Литмир - Электронная Библиотека

Василиса ждала, когда стихнут шаги вестника, или собиралась с мыслями, — трудно сказать. Стояла у входа, оценивала любознательным взглядом Юстиниана и отмалчивалась.

— Эти варвары не дадут спокойно дожить век, — первый сказал император. — У всех стоит в глазах и в голове богатство Византии, все стремятся поживиться им. Лезут и лезут, словно та саранча.

— Если пришли только за богатством, — полбеды. Хуже, если действительно хотят поселиться.

— Зачем они мне, рабы и конюхи! — рассердился Юстиниан. — Своих не имею?

— И я говорю: зачем? Гнать надо, и немедленно.

Василевс не отозвался. Мерил пространство зала Августиона и что-то думал свое. Наконец надумал и позвал придворных.

— Где сейчас полководец Велисарий?

— По правде говоря, отдыхает после изнурительных походов.

— Скажите ему: немедленно хочу видеть у себя.

И уже затем, как придворный намеревался уходить, добавил:

— И племяннику моему Герману то же скажите.

Феодора, как всегда, оставалась не по-женски сосредоточенной и задумчивой. Но вот глаза ее загорелись более ярким, чем раньше, огнем и, как показалось Юстиниану, пусть неприметно, все же, расширились.

— Кого пошлешь, василевс, с Велисарием?

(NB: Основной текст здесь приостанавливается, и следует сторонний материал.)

(* Let $H=\sum_{i=1}^d \epsilon_i |e_i\rangle\langle e_i|$ be the Hamiltonian of a $d$-dimensional quantum system and let $\rho=\sum_{i=1}^d p_i|e_i\rangle\langle e_i|$ be a full-rank state, with $\epsilon$-$s$ ensemble $\mathcal V(\rho)=\{\boldsymbol v_i=(\epsilon_i,-\log p_i):1\le i\le d\}$. For an integer $k\ge1$ let $$\mathcal V_k(\rho)=\Big\{\tfrac1k\sum_{i=1}^d c_i\boldsymbol v_i \;:\; c_i\in\mathbb{N}\cup\{0\},\ \sum_{i=1}^d c_i=k\Big\}.$$ Then $\rho$ is $k$-passive if and only if $[\rho,H]=0$ and $\mathcal V_k(\rho)$ is a totally ordered subset of $\mathbb{R}^2$.
   Context: A state $\sigma$ of a system with Hamiltonian $K$ is passive if $\mathrm{tr}(KU\sigma U^\dagger)\ge\mathrm{tr}(K\sigma)$ for all unitaries $U$. A state $\rho$ with Hamiltonian $H$ is $k$-passive if $\rho^{\otimes k}$ is passive with respect to the Hamiltonian $\sum_{i=1}^k H_i$ on $k$ copies, where $H_i$ is $H$ acting on the $i$-th copy. In $\mathbb{R}^2$, $(x_i,y_i)\le(x_j,y_j)$ means $x_i\le x_j$ and $y_i\le y_j$; a set is totally ordered if any two of its elements are comparable under $\le$. Note $\mathcal V_k(\rho)=\frac1k\mathcal V(\rho^{\otimes k})$, the $\epsilon$-$s$ ensemble of $k$ copies divided by $k$. *)

theory Defs
  imports "HOL-Analysis.Analysis"
begin

text \<open>Square complex matrices of dimension n are represented as functions
  nat \<Rightarrow> nat \<Rightarrow> complex; only entries with indices below n matter.\<close>

type_synonym cmat = "nat \<Rightarrow> nat \<Rightarrow> complex"

definition mmul :: "nat \<Rightarrow> cmat \<Rightarrow> cmat \<Rightarrow> cmat" where
  "mmul n A B = (\<lambda>i j. \<Sum>l<n. A i l * B l j)"

definition madd :: "cmat \<Rightarrow> cmat \<Rightarrow> cmat" where
  "madd A B = (\<lambda>i j. A i j + B i j)"

definition mzero :: cmat where
  "mzero = (\<lambda>i j. 0)"

definition mid :: cmat where
  "mid = (\<lambda>i j. if i = j then 1 else 0)"

definition adj :: "cmat \<Rightarrow> cmat" where
  "adj A = (\<lambda>i j. cnj (A j i))"

definition mtrace :: "nat \<Rightarrow> cmat \<Rightarrow> complex" where
  "mtrace n A = (\<Sum>i<n. A i i)"

definition unitary :: "nat \<Rightarrow> cmat \<Rightarrow> bool" where
  "unitary n U \<longleftrightarrow> (\<forall>i<n. \<forall>j<n. mmul n U (adj U) i j = mid i j \<and> mmul n (adj U) U i j = mid i j)"

definition diag_mat :: "(nat \<Rightarrow> real) \<Rightarrow> cmat" where
  "diag_mat f = (\<lambda>i j. if i = j then complex_of_real (f i) else 0)"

Те остатки, что имеешь в Константинополе и около, или от Наросса отзовешь когорты?

— Может, и остатки, что поделаешь. Важно, чтобы было кому вести их. Там, в провинциях, лютуют силы и из провинциальных когорт. Думаешь, нет или мало их? Наместники болваны и трусливы — вот в чем вся беда. Попрятались по крепостям и ждут милости от императора.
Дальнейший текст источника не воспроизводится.